Boredom
Boredom 2020 Part 1. Curiosity.
Do you have childhood memories of long car trips (sitting in the back seat looking out the window when not arguing with a sibling); or visits to certain older relatives who could only deliver chin-chucks and pointless advice about how to be a nice person? Wasn’t it boring.
This type of boredom probably welled up from strong emotions of being trapped and lacking control. Can we call this situational boredom? (In the follow-up article I will identify a second type of boredom.)

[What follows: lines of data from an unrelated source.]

lemma log_supermodular_axis_conv:
  fixes F :: "int ^ 'd \<Rightarrow> real" and h :: "int \<Rightarrow> real"
  assumes F_nonneg: "\<And>x. 0 \<le> F x" and F_lsm: "log_supermodular F" and F_le: "\<And>x. F x \<le> M"
    and h_nonneg: "\<And>n. 0 \<le> h n" and h_summable: "h summable_on UNIV" and h_lc: "log_concave_int h"
  shows "log_supermodular (axis_conv h i F)"
  unfolding log_supermodular_def axis_conv_eq
proof (intro allI)
  fix x y :: "int ^ 'd"
  have slice_summable: "(\<lambda>u. h (w $ i - u) * F (vec_upd w i u)) summable_on UNIV" for w
  proof (rule summable_on_comparison_test)
    show "(\<lambda>u. M * h (w $ i - u)) summable_on UNIV"
      using h_summable
      by (intro summable_on_cmult_right)
         (subst summable_on_reindex_bij_witness[of UNIV "\<lambda>u. w $ i - u" "\<lambda>u. w $ i - u"], auto)
    show "h (w $ i - u) * F (vec_upd w i u) \<le> M * h (w $ i - u)" for u
      using mult_left_mono[OF F_le h_nonneg] by (simp add: mult.commute)
  qed (use h_nonneg F_nonneg in simp)
  show "(\<Sum>\<^sub>\<infinity>u\<in>UNIV. h (x $ i - u) * F (vec_upd x i u)) * (\<Sum>\<^sub>\<infinity>u\<in>UNIV. h (y $ i - u) * F (vec_upd y i u))
    \<le> (\<Sum>\<^sub>\<infinity>u\<in>UNIV. h (vmin x y $ i - u) * F (vec_upd (vmin x y) i u)) *
      (\<Sum>\<^sub>\<infinity>u\<in>UNIV. h (vmax x y $ i - u) * F (vec_upd (vmax x y) i u))"
  proof (rule four_functions[OF _ _ _ _ slice_summable slice_summable slice_summable slice_summable])
    fix s t
    have h_TP2: "h (x $ i - s) * h (y $ i - t) \<le> h (vmin x y $ i - min s t) * h (vmax x y $ i - max s t)"
      using log_concave_int_TP2[OF h_nonneg h_lc] by simp
    have F_lsm_at: "F (vec_upd x i s) * F (vec_upd y i t)
        \<le> F (vec_upd (vmin x y) i (min s t)) * F (vec_upd (vmax x y) i (max s t))"
      using F_lsm unfolding log_supermodular_def by (metis vmin_vec_upd vmax_vec_upd)
    have "(h (x $ i - s) * h (y $ i - t)) * (F (vec_upd x i s) * F (vec_upd y i t))
      \<le> (h (vmin x y $ i - min s t) * h (vmax x y $ i - max s t)) *
        (F (vec_upd (vmin x y) i (min s t)) * F (vec_upd (vmax x y) i (max s t)))"
      using h_nonneg F_nonneg by (intro mult_mono[OF h_TP2 F_lsm_at]) simp_all
    then show "h (x $ i - s) * F (vec_upd x i s) * (h (y $ i - t) * F (vec_upd y i t))
      \<le> h (vmin x y $ i - min s t) * F (vec_upd (vmin x y) i (min s t)) *
        (h (vmax x y $ i - max s t) * F (vec_upd (vmax x y) i (max s t)))"
      by (simp add: ac_simps)
  qed (use h_nonneg F_nonneg in simp_all)
qed

section \<open>Product kernels\<close>

definition prod_kernel :: "('d \<Rightarrow> int \<Rightarrow> real) \<Rightarrow> 'd set \<Rightarrow> int ^ 'd \<Rightarrow> real" where
  "prod_kernel gs S z = (if \<forall>j. j \<notin> S \<longrightarrow> z $ j = 0 then \<Prod>j\<in>S. gs j (z $ j) else 0)"

lemma prod_kernel_nonneg: "(\<And>j n. 0 \<le> gs j n) \<Longrightarrow> 0 \<le> prod_kernel gs S z"
  by (simp add: prod_kernel_def prod_nonneg)

lemma prod_kernel_empty: "prod_kernel gs {} z = (if z = 0 then 1 else 0)"
  by (simp add: prod_kernel_def vec_eq_iff)

lemma prod_kernel_UNIV: "prod_kernel gs UNIV z = (\<Prod>j\<in>UNIV. gs j (z $ j))"
  by (simp add: prod_kernel_def)

lemma prod_kernel_eq_0: "i \<notin> S \<Longrightarrow> z $ i \<noteq> 0 \<Longrightarrow> prod_kernel gs S z = 0"
  by (auto simp: prod_kernel_def)
(* Fix $k\ge0$. For each $N\ge k$, let $\varphi_N\subseteq\{1,\dots,N\}^2$ be a deterministic scattered set of cardinality $k$, i.e. its $k$ elements lie in pairwise distinct rows and pairwise distinct columns. Let $X^{N\times N}$ have i.i.d. Bernoulli$(q)$ entries, $0<q<1$. Define the SP rate $$\alpha_{sp}^N(\varphi_N)=\frac1{N^2}\sum_{m=1}^N\sum_{n=1}^N\bigvee_{(i,j)\in\varphi_N}X_{m,j}X_{i,j}X_{i,n},$$ where $\bigvee$ is the logical OR. Let $K'_N=|\{(i,j)\in\varphi_N: X_{i,j}=1\}|$; thus $K'_N\sim\mathrm{Binomial}(k,q)$. Then $$\alpha_{sp}^N(\varphi_N)-\bigl(1-(1-q^2)^{K'_N}\bigr)\to0$$ in probability as $N\to\infty$. Equivalently, $\alpha_{sp}^N(\varphi_N)$ converges to a random variable $\alpha_k$ whose law is $$P_{\alpha_k}(x)=\sum_{k'=0}^k\binom{k}{k'}q^{k'}(1-q)^{k-k'}\,\delta\bigl[x-1+(1-q^2)^{k'}\bigr].$$
   Context: $\delta$ denotes the Dirac delta. $\bigvee$ over an empty index set is $0$. *)

theory Defs
  imports "HOL-Probability.Probability"
begin

text \<open>Law of an N x N matrix with i.i.d. Bernoulli(q) entries, indexed by {1..N} x {1..N};
  entry X (i,j) = True means X_{i,j} = 1. Outside the index range the value is False.\<close>
definition bern_matrix :: "real \<Rightarrow> nat \<Rightarrow> (nat \<times> nat \<Rightarrow> bool) pmf" where
  "bern_matrix q N = Pi_pmf ({1..N} \<times> {1..N}) False (\<lambda>_. bernoulli_pmf q)"

definition scattered :: "(nat \<times> nat) set \<Rightarrow> bool" where
  "scattered S \<longleftrightarrow> (\<forall>i j i' j'. (i,j) \<in> S \<longrightarrow> (i',j') \<in> S \<longrightarrow> (i,j) \<noteq> (i',j') \<longrightarrow> i \<noteq> i' \<and> j \<noteq> j')"

text \<open>SP rate; the OR over an empty index set is 0 (empty existential is False).\<close>
definition sp_rate :: "nat \<Rightarrow> (nat \<times> nat) set \<Rightarrow> (nat \<times> nat \<Rightarrow> bool) \<Rightarrow> real" where
  "sp_rate N phi X = (1 / (real N)^2) *
     (\<Sum>m=1..N. \<Sum>n=1..N. (if (\<exists>(i,j)\<in>phi. X (m,j) \<and> X (i,j) \<and> X (i,n)) then 1 else 0))"

definition K' :: "(nat \<times> nat) set \<Rightarrow> (nat \<times> nat \<Rightarrow> bool) \<Rightarrow> nat" where
  "K' phi X = card {(i,j) \<in> phi. X (i,j)}"
(* Let $L$ be a finite lattice, $\varphi\in M_\infty(L)$, and let $(a_1,\dots,a_n)$ be a linear extension of $L$. Set $\varphi_0=\varphi$ and $\varphi_i=\Lambda_{a_i}\varphi_{i-1}$ for $i=1,\dots,n$. Let $\Psi_i\in M_\infty(\mathcal L)$ satisfy $\Pi(\Psi_i)=\lambda(\varphi_i;a_{i+1},\cdot)$ for $i=0,\dots,n-1$, let $\Psi_n\in M_\infty(\mathcal L)$ satisfy $\Pi(\Psi_n)=\varphi_n$, and put $\Phi=\sum_{i=0}^n\Psi_i$. Then $\Phi$ is the Möbius extension of $\varphi$.
   Context: $L$ is a finite lattice with meet $\wedge$ and join $\vee$. A linear extension of $L$ is an enumeration $(a_1,\dots,a_n)$ of all elements of $L$ such that $i<j$ whenever $a_i<a_j$. Completely monotone: all iterated differences $\nabla_a\varphi(x)=\varphi(x)-\varphi(x\wedge a)$ nonnegative. $M_\infty(L)$: nonnegative completely monotone functions on $L$. A path from $a$ to $b$ is a sequence $H=(h_0,\dots,h_m)$ of distinct elements with $h_0=a$, $h_m=b$; $\varphi(H)=\sum_{i=0}^m\varphi(h_i)-\sum_{i=1}^m\varphi(h_{i-1}\vee h_i)$; $\lambda(\varphi;a,b)=\max\{\varphi(H)\}$ over such paths; $\Lambda_a\varphi(x)=\varphi(x)-\lambda(\varphi;a,x)$. $\mathcal L$ is the set of nonempty up-sets of $L$ ordered by $U\preceq V$ iff $U\supseteq V$ (meet = union); $M_\infty(\mathcal L)$ is the set of nonnegative completely monotone functions on $(\mathcal L,\preceq)$; $\Pi(\Psi)(x)=\Psi(\langle x\rangle^* )$ with $\langle x\rangle^*=\{y:y\ge x\}$. For $\varphi\in M_\infty(L)$ with Möbius inverse $f$ ($\varphi(x)=\sum_{y\le x}f(y)$), its Möbius extension is $\Phi(U)=\sum_{V\preceq U}F(V)$ with $F(\langle x\rangle^* )=f(x)$ and $F=0$ on non-principal up-sets. *)

theory Defs
  imports Complex_Main
begin

definition nabla :: "('b \<Rightarrow> 'b \<Rightarrow> 'b) \<Rightarrow> 'b \<Rightarrow> ('b \<Rightarrow> real) \<Rightarrow> 'b \<Rightarrow> real" where
  "nabla meet a \<phi> x = \<phi> x - \<phi> (meet x a)"

fun nablas :: "('b \<Rightarrow> 'b \<Rightarrow> 'b) \<Rightarrow> 'b list \<Rightarrow> ('b \<Rightarrow> real) \<Rightarrow> 'b \<Rightarrow> real" where
  "nablas meet [] \<phi> = \<phi>"
| "nablas meet (a # as) \<phi> = nabla meet a (nablas meet as \<phi>)"

definition M_inf_on :: "'b set \<Rightarrow> ('b \<Rightarrow> 'b \<Rightarrow> 'b) \<Rightarrow> ('b \<Rightarrow> real) \<Rightarrow> bool" where
  "M_inf_on C meet \<phi> \<longleftrightarrow>
     (\<forall>x\<in>C. 0 \<le> \<phi> x) \<and>
     (\<forall>as x. set as \<subseteq> C \<longrightarrow> x \<in> C \<longrightarrow> 0 \<le> nablas meet as \<phi> x)"

definition M_inf :: "('a::{finite,lattice} \<Rightarrow> real) \<Rightarrow> bool" where
  "M_inf \<phi> \<longleftrightarrow> M_inf_on UNIV inf \<phi>"

section \<open>Nonempty up-sets, ordered by reverse inclusion (meet = union)\<close>

definition upsets :: "('a::order) set set" where
  "upsets = {U. U \<noteq> {} \<and> (\<forall>x\<in>U. \<forall>y. x \<le> y \<longrightarrow> y \<in> U)}"

definition principal_up :: "'a::order \<Rightarrow> 'a set" where
  "principal_up x = {y. x \<le> y}"

definition M_inf_upsets :: "('a::{finite,lattice} set \<Rightarrow> real) \<Rightarrow> bool" where
  "M_inf_upsets \<Psi> \<longleftrightarrow> M_inf_on upsets (\<union>) \<Psi>"

definition Pi_proj :: "('a::order set \<Rightarrow> real) \<Rightarrow> 'a \<Rightarrow> real" where
  "Pi_proj \<Psi> x = \<Psi> (principal_up x)"

definition paths :: "'a \<Rightarrow> 'a \<Rightarrow> 'a list set" where
  "paths a b = {H. H \<noteq> [] \<and> distinct H \<and> hd H = a \<and> last H = b}"

definition path_val :: "('a::lattice \<Rightarrow> real) \<Rightarrow> 'a list \<Rightarrow> real" where
  "path_val \<phi> H = sum_list (map \<phi> H) - sum_list (map (\<lambda>(x, y). \<phi> (sup x y)) (zip H (tl H)))"

definition lam :: "('a::{finite,lattice} \<Rightarrow> real) \<Rightarrow> 'a \<Rightarrow> 'a \<Rightarrow> real" where
  "lam \<phi> a b = Max (path_val \<phi> ` paths a b)"

definition Lam :: "'a::{finite,lattice} \<Rightarrow> ('a \<Rightarrow> real) \<Rightarrow> 'a \<Rightarrow> real" where
  "Lam a \<phi> x = \<phi> x - lam \<phi> a x"

text \<open>phi_seq phi as i = phi_i, where phi_0 = phi and phi_i = Lambda_{a_i} phi_{i-1};
  the list as is 0-indexed, so a_i = as ! (i - 1).\<close>
definition phi_seq :: "('a::{finite,lattice} \<Rightarrow> real) \<Rightarrow> 'a list \<Rightarrow> nat \<Rightarrow> 'a \<Rightarrow> real" where
  "phi_seq \<phi> as i = fold Lam (take i as) \<phi>"

definition linear_extension :: "'a::{finite,order} list \<Rightarrow> bool" where
  "linear_extension as \<longleftrightarrow> distinct as \<and> set as = UNIV \<and>
     (\<forall>i<length as. \<forall>j<length as. as ! i < as ! j \<longrightarrow> i < j)"

definition mobius_inv :: "('a::{finite,order} \<Rightarrow> real) \<Rightarrow> 'a \<Rightarrow> real" where
  "mobius_inv \<phi> = (THE f. \<forall>x. \<phi> x = (\<Sum>y\<in>{y. y \<le> x}. f y))"

definition mobius_F :: "('a::{finite,order} \<Rightarrow> real) \<Rightarrow> 'a set \<Rightarrow> real" where
  "mobius_F \<phi> V = (if \<exists>x. V = principal_up x
                     then mobius_inv \<phi> (THE x. V = principal_up x) else 0)"

text \<open>Phi(U) = sum over V in the up-set lattice with V \<preceq> U (i.e. V \<supseteq> U) of F(V).\<close>
definition mobius_ext :: "('a::{finite,order} \<Rightarrow> real) \<Rightarrow> 'a set \<Rightarrow> real" where
  "mobius_ext \<phi> U = (\<Sum>V\<in>{V\<in>upsets. U \<subseteq> V}. mobius_F \<phi> V)"

end

theory Submission
  imports Defs
begin

text \<open>By Moebius inversion \<open>\<phi>\<close> is the zeta transform of its Moebius inverse \<open>f\<close>, and
  complete monotonicity makes \<open>f\<close> nonnegative. Inductively, \<open>\<phi>\<^sub>i\<close> is the zeta transform of \<open>f\<close>
  with the masses at \<open>a\<^sub>1, \<dots>, a\<^sub>i\<close> removed, so along a linear extension the remaining mass
  vanishes strictly below \<open>a = a\<^bsub>i+1\<^esub>\<close>. The value of a path never exceeds the remaining mass
  below all of its points, and the path \<open>a, a \<sqinter> x, x\<close> attains this bound, hence
  \<open>\<lambda>(\<phi>\<^sub>i; a, x)\<close> is \<open>f(a)\<close> for \<open>a \<le> x\<close> and \<open>0\<close> otherwise. A completely monotone function on
  up-sets is antitone with respect to inclusion of principal up-sets, which forces
  \<open>\<Psi>\<^sub>i(U)\<close> to be \<open>f(a)\<close> if \<open>U\<close> lies in the up-set of \<open>a\<close> and \<open>0\<close> otherwise, while \<open>\<Psi>\<^sub>n = 0\<close>.
  Summing over \<open>i\<close> gives the sum of \<open>f(x)\<close> over all \<open>x\<close> whose up-set contains \<open>U\<close>, which is
  the Moebius extension.\<close>

definition zeta_transform :: "('a::order \<Rightarrow> 'b::comm_monoid_add) \<Rightarrow> 'a \<Rightarrow> 'b" where
  "zeta_transform f x = (\<Sum>y | y \<le> x. f y)"
(* Let $d$ be a prime and $(p_{nm})_{n,m\in\mathbb{Z}_d}$ a probability distribution on $\mathbb{Z}_d\times\mathbb{Z}_d$. Consider the $d+1$ lines through the origin $\{(0,k):k\in\mathbb{Z}_d\}$ and $\{(k,ak):k\in\mathbb{Z}_d\}$ for $a\in\mathbb{Z}_d$, and let $L_1,\dots,L_{d+1}$ be the sums of $p_{nm}$ over these lines. If $p_{00}>1/d$, then $L_{\max}:=\max\{L_1,\dots,L_{d+1}\}>\frac{2}{d+1}$.
   Context: The $p_{nm}$ are Bell-diagonal probabilities of a two-qudit state; the $d+1$ lines correspond to the $d+1$ mutually unbiased bases, and $L_i$ is the weight associated with the $i$-th one. *)

theory Defs
  imports Complex_Main "HOL-Computational_Algebra.Primes"
begin

text \<open>Z_d is represented by {0..<d} with arithmetic mod d.
  Lines through the origin in Z_d x Z_d: the vertical line {(0,k)} and,
  for each slope a, the line {(k, a k mod d)}.\<close>

definition vline :: "nat \<Rightarrow> (nat \<times> nat) set" where
  "vline d = {(0, k) | k. k < d}"

definition sline :: "nat \<Rightarrow> nat \<Rightarrow> (nat \<times> nat) set" where
  "sline d a = {(k, (a * k) mod d) | k. k < d}"

definition mub_line :: "nat \<Rightarrow> nat \<Rightarrow> (nat \<times> nat) set" where
  "mub_line d i = (if i < d then sline d i else vline d)"

definition line_weight :: "nat \<Rightarrow> (nat \<Rightarrow> nat \<Rightarrow> real) \<Rightarrow> nat \<Rightarrow> real" where
  "line_weight d p i = (\<Sum>(n, m)\<in>mub_line d i. p n m)"

definition L_max :: "nat \<Rightarrow> (nat \<Rightarrow> nat \<Rightarrow> real) \<Rightarrow> real" where
  "L_max d p = Max (line_weight d p ` {0..d})"

end

theory Submission
  imports Defs "HOL-Number_Theory.Cong"
begin

text \<open>The origin lies on all \<open>d + 1\<close> lines and every other point of \<open>\<int>\<^sub>d \<times> \<int>\<^sub>d\<close> on at
  least one of them (for prime \<open>d\<close> the point \<open>(n, m)\<close> with \<open>n \<noteq> 0\<close> lies on the line of slope
  \<open>m / n\<close>). Summing the line weights therefore counts the total mass once and \<open>p\<^sub>0\<^sub>0\<close> a further
  \<open>d\<close> times, so \<open>\<Sum> L\<^sub>i \<ge> 1 + d p\<^sub>0\<^sub>0 > 2\<close>, and the largest of the \<open>d + 1\<close> weights exceeds
  \<open>2 / (d + 1)\<close>.\<close>

lemma sum_sum_eq_sum_multiplicity:
  fixes q :: "'a \<Rightarrow> 'b::comm_semiring_1"
  assumes "finite I" "finite G" "\<And>i. i \<in> I \<Longrightarrow> A i \<subseteq> G"
  shows "(\<Sum>i\<in>I. \<Sum>x\<in>A i. q x) = (\<Sum>x\<in>G. of_nat (card {i\<in>I. x \<in> A i}) * q x)"
proof -
  have "(\<Sum>i\<in>I. \<Sum>x\<in>A i. q x) = (\<Sum>i\<in>I. \<Sum>x\<in>{x\<in>G. x \<in> A i}. q x)"
    using assms(3) by (intro sum.cong) auto
  also have "\<dots> = (\<Sum>x\<in>G. \<Sum>i\<in>{i\<in>I. x \<in> A i}. q x)"
    using assms(1,2) by (rule sum.swap_restrict)
  finally show ?thesis by simp
qed

lemma sum_sum_cover_ge:
  fixes q :: "'a \<Rightarrow> 'b::linordered_idom"
  assumes "finite I" "finite G" "\<And>i. i \<in> I \<Longrightarrow> A i \<subseteq> G"
    and nonneg: "\<And>x. x \<in> G \<Longrightarrow> q x \<ge> 0"
    and cover: "\<And>x. x \<in> G \<Longrightarrow> \<exists>i\<in>I. x \<in> A i"
    and "x\<^sub>0 \<in> G" and on_all: "\<And>i. i \<in> I \<Longrightarrow> x\<^sub>0 \<in> A i"
  shows "(\<Sum>x\<in>G. q x) + (of_nat (card I) - 1) * q x\<^sub>0 \<le> (\<Sum>i\<in>I. \<Sum>x\<in>A i. q x)"
proof -
  define k where "k x = of_nat (card {i\<in>I. x \<in> A i}) * q x" for x
  have "q x \<le> k x" if "x \<in> G" for x
  proof -
    obtain i where "i \<in> I" "x \<in> A i" using cover[OF \<open>x \<in> G\<close>] by blast
    then have "0 < card {i\<in>I. x \<in> A i}"
      using \<open>finite I\<close> by (auto simp: card_gt_0_iff)
    then have "(1::'b) \<le> of_nat (card {i\<in>I. x \<in> A i})"
      by simp
    from mult_right_mono[OF this nonneg[OF that]] show ?thesis
      unfolding k_def by simp
  qed
  then have "(\<Sum>x\<in>G - {x\<^sub>0}. q x) \<le> (\<Sum>x\<in>G - {x\<^sub>0}. k x)"
    by (intro sum_mono) auto
  moreover have "{i\<in>I. x\<^sub>0 \<in> A i} = I"
    using on_all by auto
  ultimately have "(\<Sum>x\<in>G. q x) + (of_nat (card I) - 1) * q x\<^sub>0 \<le> (\<Sum>x\<in>G. k x)"
    using \<open>finite G\<close> \<open>x\<^sub>0 \<in> G\<close> by (simp add: k_def sum.remove algebra_simps)
  also have "\<dots> = (\<Sum>i\<in>I. \<Sum>x\<in>A i. q x)"
    using assms(1-3) by (simp add: k_def sum_sum_eq_sum_multiplicity)
  finally show ?thesis .
qed

lemma mub_line_subset: "mub_line d i \<subseteq> {..<d} \<times> {..<d}"
  by (auto simp: mub_line_def sline_def vline_def)

lemma zero_mem_mub_line: "0 < d \<Longrightarrow> (0, 0) \<in> mub_line d i"
  by (auto simp: mub_line_def sline_def vline_def)

lemma mub_lines_cover:
  assumes "prime d" "n < d" "m < d"
  shows "\<exists>i\<le>d. (n, m) \<in> mub_line d i"
proof (cases "n = 0")
  case True
  then show ?thesis using assms by (intro exI[of _ d]) (auto simp: mub_line_def vline_def)
next
  case False
  have "coprime n d"
    using assms False by (metis prime_imp_coprime_nat coprime_commute dvd_imp_le neq0_conv not_le)
  then obtain x where x: "[n * x = m] (mod d)" using cong_solve_dvd_nat by fastforce
  define a where "a = x mod d"
  have "(a * n) mod d = m"
    using x \<open>m < d\<close> unfolding a_def cong_def by (simp add: mod_mult_right_eq mult.commute)
  then have "(n, m) \<in> sline d a" using \<open>n < d\<close> unfolding sline_def by auto
  moreover have "a < d" using assms(1) prime_gt_0_nat a_def by auto
  ultimately show ?thesis by (intro exI[of _ a]) (auto simp: mub_line_def)
qed

theorem lemma5:
  fixes d :: nat and p :: "nat \<Rightarrow> nat \<Rightarrow> real"
  assumes "prime d"
    and "\<And>n m. n < d \<Longrightarrow> m < d \<Longrightarrow> p n m \<ge> 0"
    and "(\<Sum>n<d. \<Sum>m<d. p n m) = 1"
    and "p 0 0 > 1 / real d"
  shows "L_max d p > 2 / (real d + 1)"
proof -
  have "d > 0" using assms(1) prime_gt_0_nat by blast
  let ?G = "{..<d} \<times> {..<d}"
  have "(\<Sum>(n, m)\<in>?G. p n m) + (of_nat (card {0..d}) - 1) * p 0 0
      \<le> (\<Sum>i\<in>{0..d}. \<Sum>(n, m)\<in>mub_line d i. p n m)"
    by (rule sum_sum_cover_ge[of _ ?G _ "case_prod p" "(0, 0)", simplified])
      (use assms(1,2) \<open>d > 0\<close> mub_line_subset zero_mem_mub_line mub_lines_cover in \<open>auto simp: Bex_def\<close>)
  then have "1 + real d * p 0 0 \<le> (\<Sum>i\<in>{0..d}. line_weight d p i)"
    using assms(3) by (simp add: line_weight_def sum.cartesian_product)
  also have "\<dots> \<le> (real d + 1) * L_max d p"
    using sum_bounded_above[of "{0..d}" "line_weight d p" "L_max d p"]
    by (simp add: L_max_def add.commute)
  finally have "2 < (real d + 1) * L_max d p"
    using assms(4) \<open>d > 0\<close> by (simp add: field_simps)
  then show ?thesis by (simp add: field_simps add_pos_pos)
qed

end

In situational boredom you will also feel anxious and restless. Most of all you will be absent in your mind, as you daydream about other possibilities in that moment in time. Now let’s move beyond the instance of situational boredom to more enduring forms.
Suppose your job is not satisfying you, or your weekends seem to be devoid of desirable activities and you find yourself looking at the clock or reading the newspaper with neither enjoyment nor enlightenment. The aim is to try something radically different from your routine. Here are some ideas you can try out that may help you escape this entrenched form of boredom:
· Look at your neighbourhood in a different way. Linger to look at flowers, drink at a new coffee shop, walk down an unfamiliar street.
· Listen more closely to a friend’s point of view that you disagree with. Try to build a bridge of common beliefs, as you question your own.
· Do something that makes you feel uncomfortable. An example a friend gave me is learning to skate or rollerblade backwards. No thanks, but it sounds challenging.
Inside these three examples the word “curious” is embedded. Hence curiosity may be the antidote you need for your boredom.
The examples above are nothing more than a sample, but there are many more to try out and test to see if they suit you.
Retirement is certainly a time when you can feel bored. After all you have 7 days a week at your disposal. But if you open yourself to curiosity life in retirement doesn’t need to have you pining away under a cloud of boredom. Those first few years of retirement are too precious to waste.
You now have plenty of time to re-define your activities and re-orient the way you spend your day. Finally, the probability of sitting in the back of your parents’ car, or being press-ganged into visiting a great aunt has been severely trampled on by the march of time.
Retirement: You won’t know what it is like until you get there.